Anyone know why a business would choose to only accept credit not debit cards?

I don't have any credit cards, neither personal nor business, and never found a need for one.

So I deleted my account at Lambda Labs, which was kind of disappointing since I was looking forward to trying this.

throwaway240403 · 2024-08-15T21:54:34 1723758874

That seems completely backwards? Debit interchange fees are usually lower aren't they? and if you run it with a pin as a debit there's almost no charge for the vendor.

Definitely weird, as everything I know about the incentives for that go in the other direction for a vendor.

moduspol · 2024-08-16T01:23:57 1723771437

I think I read somewhere that forcing credit cards is a way for the merchant to completely avoid prepaid cards. Though obviously imperfect.

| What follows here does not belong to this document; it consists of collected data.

lemma c0_semigroup_mean_in_domain:
  fixes S :: "real \<Rightarrow> 'a::banach \<Rightarrow> 'a"
  assumes c0: "c0_semigroup S" and gen: "is_generator S D G" and "0 < h"
  shows "(1 / h) *\<^sub>R integral {0..h} (\<lambda>r. S r x) \<in> D"
proof (rule is_generator_intro(1)[OF gen])
  define \<Phi> where "\<Phi> b = integral {0..b} (\<lambda>r. S r x)" for b
  have "((\<lambda>k. (1 / h) *\<^sub>R ((1 / k) *\<^sub>R (\<Phi> (h + k) - \<Phi> h) - (1 / k) *\<^sub>R \<Phi> k))
      \<longlongrightarrow> (1 / h) *\<^sub>R (S h x - x)) (at_right 0)"
    unfolding \<Phi>_def using \<open>0 < h\<close>
    by (intro tendsto_scaleR tendsto_const tendsto_diff c0_semigroup_mean_tendsto[OF c0]
        c0_semigroup_integral_quotient_tendsto[OF c0]) simp
  moreover have "\<forall>\<^sub>F k in at_right 0.
      (1 / h) *\<^sub>R ((1 / k) *\<^sub>R (\<Phi> (h + k) - \<Phi> h) - (1 / k) *\<^sub>R \<Phi> k)
      = (1 / k) *\<^sub>R (S k ((1 / h) *\<^sub>R \<Phi> h) - (1 / h) *\<^sub>R \<Phi> h)"
    using eventually_at_right_less
  proof eventually_elim
    case (elim k)
    have "S k ((1 / h) *\<^sub>R \<Phi> h) = (1 / h) *\<^sub>R (\<Phi> (h + k) - \<Phi> k)"
      using c0_semigroup_integral_shift[OF c0, of h k x] elim \<open>0 < h\<close>
      by (simp add: \<Phi>_def c0_semigroup_scaleR[OF c0])
    then show ?case
      by (simp add: scaleR_diff_right mult.commute)
  qed
  ultimately show "((\<lambda>k. (1 / k) *\<^sub>R (S k ((1 / h) *\<^sub>R \<Phi> h) - (1 / h) *\<^sub>R \<Phi> h))
      \<longlongrightarrow> (1 / h) *\<^sub>R (S h x - x)) (at_right 0)"
    by (rule Lim_transform_eventually)
qed

lemma c0_semigroup_unique:
  fixes S P :: "real \<Rightarrow> 'a::banach \<Rightarrow> 'a"
  assumes cS: "c0_semigroup S" and cP: "c0_semigroup P"
    and gS: "is_generator S D G" and gP: "is_generator P D G" and "0 \<le> t"
  shows "S t x = P t x"
proof -
  define m where "m h = (1 / h) *\<^sub>R integral {0..h} (\<lambda>r. S r x)" for h
  have "P t (m h) = S t (m h)" if "0 < h" for h
    unfolding m_def
    by (rule c0_semigroup_eq_on_domain[OF cS cP gS gP c0_semigroup_mean_in_domain[OF cS gS that]
          \<open>0 \<le> t\<close>, symmetric])
  then have "\<forall>\<^sub>F h in at_right 0. P t (m h) = S t (m h)"
    using eventually_at_right_less by (rule eventually_mono[rotated])
  moreover have "(m \<longlongrightarrow> x) (at_right 0)"
    unfolding m_def by (rule c0_semigroup_mean_tendsto[OF cS])
  then have "((\<lambda>h. P t (m h)) \<longlongrightarrow> P t x) (at_right 0)"
    by (rule bounded_linear.tendsto[OF c0_semigroup_bounded_linear[OF cP \<open>0 \<le> t\<close>]])
  ultimately have "((\<lambda>h. S t (m h)) \<longlongrightarrow> P t x) (at_right 0)"
    by (rule Lim_transform_eventually[rotated])
  moreover have "((\<lambda>h. S t (m h)) \<longlongrightarrow> S t x) (at_right 0)"
    using \<open>(m \<longlongrightarrow> x) (at_right 0)\<close>
    by (rule bounded_linear.tendsto[OF c0_semigroup_bounded_linear[OF cS \<open>0 \<le> t\<close>]])
  ultimately show ?thesis
    using tendsto_unique[OF trivial_limit_at_right_real] by blast
qed

lemma positive_semigroup_if_same_generator:
  assumes "generates_c0 D G S" "generates_c0 D G P" "positive_semigroup (P :: real \<Rightarrow> 'a::{banach, order} \<Rightarrow> 'a)"
  shows "positive_semigroup S"
  using assms c0_semigroup_unique[of S P D G]
  unfolding generates_c0_def positive_semigroup_def by simp

text \<open>The semigroup generated by G - \<gamma>, if S is generated by G.\<close>

definition rescaled_semigroup :: "(real \<Rightarrow> 'a \<Rightarrow> 'a::real_vector) \<Rightarrow> real \<Rightarrow> real \<Rightarrow> 'a \<Rightarrow> 'a" where
  "rescaled_semigroup S \<gamma> t x = exp (- \<gamma> * t) *\<^sub>R S t x"

lemma c0_semigroup_rescaled:
  assumes c0: "c0_semigroup S"
  shows "c0_semigroup (rescaled_semigroup S \<gamma>)"
  unfolding c0_semigroup_def rescaled_semigroup_def
proof (intro conjI allI impI ext)
  show "bounded_linear (\<lambda>x. exp (- \<gamma> * t) *\<^sub>R S t x)" if "0 \<le> t" for t
    using bounded_linear_compose[OF bounded_linear_scaleR_right c0_semigroup_bounded_linear[OF c0 that]] .
  show "exp (- \<gamma> * 0) *\<^sub>R S 0 x = id x" for x
    by (simp add: c0_semigroup_zero_time[OF c0])
  show "exp (- \<gamma> * (t + s)) *\<^sub>R S (t + s) x
      = ((\<lambda>x. exp (- \<gamma> * t) *\<^sub>R S t x) \<circ> (\<lambda>x. exp (- \<gamma> * s) *\<^sub>R S s x)) x"
    if "0 \<le> t" "0 \<le> s" for t s x
    using that
    by (simp add: c0_semigroup_add_time[OF c0] c0_semigroup_scaleR[OF c0] distrib_left mult_exp_exp)
  show "continuous_on {0..} (\<lambda>t. exp (- \<gamma> * t) *\<^sub>R S t x)" for x
    by (intro continuous_intros c0_semigroup_continuous_on_orbit[OF c0])
qed

lemma positive_semigroup_rescaled:
  fixes S :: "real \<Rightarrow> 'a::{real_normed_vector, ordered_real_vector} \<Rightarrow> 'a"
  shows "positive_semigroup S \<Longrightarrow> positive_semigroup (rescaled_semigroup S \<gamma>)"
  unfolding positive_semigroup_def rescaled_semigroup_def by (auto intro!: scaleR_nonneg_nonneg)

lemma norm_rescaled_semigroup_le:
  assumes "0 \<le> \<gamma>" "0 \<le> t" "norm (S t x) \<le> M * norm x"
  shows "norm (rescaled_semigroup S \<gamma> t x) \<le> M * norm x"
proof -
  have "exp (- \<gamma> * t) * norm (S t x) \<le> 1 * norm (S t x)"
    using assms(1,2) by (intro mult_right_mono) auto
  then show ?thesis
    using assms(3) by (simp add: rescaled_semigroup_def)
qed

section \<open>Mild solutions\<close>

definition duhamel :: "(real \<Rightarrow> 'a \<Rightarrow> 'a) \<Rightarrow> (real \<Rightarrow> 'a::real_normed_vector) \<Rightarrow> real \<Rightarrow> 'a" where
  "duhamel S f t = integral {0..t} (\<lambda>s. S (t - s) (f s))"

lemma continuous_on_duhamel_integrand:
  fixes S :: "real \<Rightarrow> 'a::banach \<Rightarrow> 'a"
  assumes "c0_semigroup S" "continuous_on {a..t} f"
  shows "continuous_on {a..t} (\<lambda>s. S (t - s) (f s))"
  by (rule continuous_on_c0_semigroup_compose[OF assms(1) _ assms(2)]) (auto intro!: continuous_intros)

lemma integrable_duhamel_integrand:
  fixes S :: "real \<Rightarrow> 'a::banach \<Rightarrow> 'a"
  assumes "c0_semigroup S" "continuous_on {a..t} f"
  shows "(\<lambda>s. S (t - s) (f s)) integrable_on {a..t}"
  by (rule integrable_continuous_interval continuous_on_duhamel_integrand assms)+

lemma duhamel_nonneg:
  fixes S :: "real \<Rightarrow> 'a::banach_lattice \<Rightarrow> 'a"
  assumes "positive_semigroup S" "\<And>s. s \<in> {0..t} \<Longrightarrow> 0 \<le> f s"
  shows "0 \<le> duhamel S f t"
  using assms unfolding duhamel_def positive_semigroup_def
  by (intro integral_nonneg_banach_lattice) auto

Privacy.com had to overhaul their card generation backend a few years ago specifically to handle merchants refusing their single-purpose card numbers due to them being detected as potentially prepaid cards. Though they did do it, so it might work for your case now.

I'm sure there's a fraud angle where someone signs up with a cheap prepaid card, runs up a huge bill, and then the business has no recourse. Though I'm not familiar with Lambda Labs or their billing.

nobleone1337 · 2024-08-16T20:45:53 1723841153

> I'm sure there's a fraud angle where someone signs up with a cheap prepaid card, runs up a huge bill, and then the business has no recourse. Though I'm not familiar with Lambda Labs or their billing.

I work at Lambda Labs. This is basically the reason. Fraud has been a problem and these are attempts at us granting resources only to legitimate accounts. We have struggled with people spinning up resources and not paying for them, which is detrimental to our business.

mtremsal · 2024-08-15T21:54:29 1723758869

> Anyone know why a business would choose to only accept credit not debit cards?

Maybe they want to place a temporary charge to verify the card's valid? I don't believe you can do so with a debit card.

girvo · 2024-08-15T21:58:09 1723759089

I believe you can: my Visa Debit has temporary charges placed on it all the time.

mlyle · 2024-08-15T23:02:29 1723762949

I presume they want to preauthorize a decent amount just in case, but this tends to really upset debit card holders because it steals money from them for a week.

SubiculumCode · 2024-08-15T22:24:50 1723760690

i understand finetuning for specific purposes/topics, but don't really understand finetunes that seem to still be marketed as "generalist", as surely what meta put out would be tuned to perform as well as they can across a whole host of measures.

lukevp · 2024-08-15T22:19:04 1723760344

Strange to name something related to Meta the same as a product by Meta (the Hermes JS Engine).

dinobones · 2024-08-16T03:29:47 1723778987

The Hermes fine-tune for 8b is nearly approaching GPT3.5 Turbo on HellaSwag/MMLU.

https://context.ai/model/gpt-3-5-turbo

Really exciting times.

michaelbrave · 2024-08-15T21:21:25 1723756885

it doesn't seem downloadable to run locally, a shame.

etiam · 2024-08-15T21:27:33 1723757253

Isn't it this one? https://huggingface.co/NousResearch/Hermes-3-Llama-3.1-405B/...

Fairly heavy run locally of course, but I guess enough people here are fortunate enough to be on gear that can manage it.

kainan-ai · 2024-08-15T22:07:44 1723759664

Yeah its on hf. You can also try it out in the Nous discord or lamda labs if you don't have the h100s to spare. Fairly certain anyone with enough compute can use it or throw it up on their site.